Alert Numbness – How Do You Cope?
When you get that shiny new monitoring software set up, often the first few steps you’ll take include setting up new alerts. "Let the system watch things and let me know how it’s going…" is the thought.
This is great, but you can quickly be faced with a stead flow of alerts, both informational and critical. Of course the general alert volume may be from informational alerts – but you don’t want to miss any. The first step? Set up a rule that funnels the alerts off into a folder for review and monitoring.
Now you’re monitoring the monitor folder. Ugh. This gets old pretty quickly. It gets to the point where you’re no longer monitoring alerts because there’s so much "noise" in the queue. It’s nearly impossible to get useful information, it’s times to re-evaluate how you’re doing this.
First, you want to avoid alert numbness. You do this by trimming alerts to things that require attention. In management, it’s sometimes called "managing by exception." You want to know when something really needs to be addressed, corrected, reviewed or some other action needs to be taken.

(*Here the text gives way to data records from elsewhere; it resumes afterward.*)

lemma proj_grad_diff_lower:
  assumes L: "L \<in> ball l0 \<epsilon>\<beta>" and small: "\<bar>D L\<bar> < c\<beta> * d powr (1 + \<beta>)"
    and e: "norm e = 1" and He: "3 * \<eta> / 4 \<le> H L \<bullet> e"
  shows "c\<beta> * d powr (1 + \<beta>) \<le> \<bar>(proj_grad L \<omega> - proj_grad L \<tau>) \<bullet> e\<bar>"
proof -
  have LS: "L \<in> S" using L ball_\<epsilon>\<beta>_subset by blast
  define B where "B = \<bar>dx_fcomp w L (x1 L)\<bar>"
  have B0: "0 \<le> B" by (simp add: B_def)
  have errors: "(Cdlam * k + Ctail) * B * \<bar>x1 L - x2 L\<bar> \<le> B * \<eta> / 4"
  proof -
    have "(Cdlam * k + Ctail) * \<bar>x1 L - x2 L\<bar> \<le> \<eta> / 4"
      using tail_gap_le[OF L small] mult_right_mono[of "Cdlam * k + Ctail" "Cdlam * k + Ctail + 1" "\<bar>x1 L - x2 L\<bar>"]
      by simp
    then have "B * ((Cdlam * k + Ctail) * \<bar>x1 L - x2 L\<bar>) \<le> B * (\<eta> / 4)" using B0 by (intro mult_left_mono)
    then show ?thesis by (simp add: algebra_simps)
  qed
  have main: "3 * (B * \<eta>) / 4 \<le> \<bar>dx_fcomp w L (x1 L) * (H L \<bullet> e)\<bar>"
    using mult_left_mono[OF He B0] He \<eta> by (simp add: B_def abs_mult)
  have split: "(proj_grad L \<omega> - proj_grad L \<tau>) \<bullet> e = (dlam_fcomp w L (x1 L) - dlam_fcomp w L (x2 L)) \<bullet> e
      + dx_fcomp w L (x1 L) * (H L \<bullet> e) + (dx_fcomp w L (x1 L) - dx_fcomp w L (x2 L)) * (proj_grad L \<tau>' \<bullet> e)"
    unfolding proj_grad_diff_eq[OF LS] by (simp add: inner_add_left)
  have tri: "\<bar>y\<bar> - \<bar>x\<bar> - \<bar>z\<bar> \<le> \<bar>x + y + z\<bar>" for x y z :: real by arith
  have lower: "B * \<eta> / 2 \<le> \<bar>(proj_grad L \<omega> - proj_grad L \<tau>) \<bullet> e\<bar>"
    unfolding split using proj_grad_diff_error_le[OF LS e, folded B_def] errors main
      tri[where x = "(dlam_fcomp w L (x1 L) - dlam_fcomp w L (x2 L)) \<bullet> e"
        and y = "dx_fcomp w L (x1 L) * (H L \<bullet> e)"
        and z = "(dx_fcomp w L (x1 L) - dx_fcomp w L (x2 L)) * (proj_grad L \<tau>' \<bullet> e)"]
    by linarith
  have "c\<beta> * d powr (1 + \<beta>) = (d * u) * (c\<beta> * u)" by (simp add: d_powr algebra_simps)
  also have "\<dots> \<le> (Q * B) * (\<eta> / (2 * Q))"
  proof (rule mult_mono)
    show "d * u \<le> Q * B" using d_mult_u_le[OF L tails_in_X(1)[OF LS]] by (simp add: B_def)
    show "c\<beta> * u \<le> \<eta> / (2 * Q)"
      using c\<beta>_ba_le u_le_ba c\<beta>_pos mult_left_mono[of u ba c\<beta>] by linarith
  qed (use Q_pos B0 c\<beta>_pos d_nonneg in \<open>auto simp: u_def\<close>)
  also have "\<dots> = B * \<eta> / 2" using Q_pos by (simp add: field_simps)
  finally show ?thesis using lower by linarith
qed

Kevin Kline was the presenter and he mentioned that he sometimes turns off the notification that backups completed successfully. This takes it out of the logs so you don’t have to stare at the constant message that "everything is ok." The same is true for the alerts. You’ll want to avoid "everything’s fine, nothing to see here" type alerts. Focus instead on failures. The "All Clear" alerts are great comfort but you’ll quickly grow tired of them. If you have them now, make sure you go through your alerts before you clean things up. Make sure you’ve seen what you need to see to this point, then you can start working through what you really want to be notified of going forward.
If you’re interested, that webinar, which is free for all to attend, is available here on-demand for a week.
Second, make sure you have truly critical items alerting, that you have evidence-style information gathered and logged (what happened? is an easier question to answer if you have logs in place and can look for blocking or other issues you may be working through). Make sure you have a system in place that will send you meaningful information about what’s happening and provide the tools to understand what is going on. This way, when you get a notification that a job failed, you can investigate, look at the situation with a full view and figure out what is needed.
So – make sure you trim your alerts to "need to know" type information and make sure you are gathering up the right bits of information along the way. There are some great tools out there that help in this area – you don’t have to go it alone. Monitoring, alerting and even suggested solutions are all available.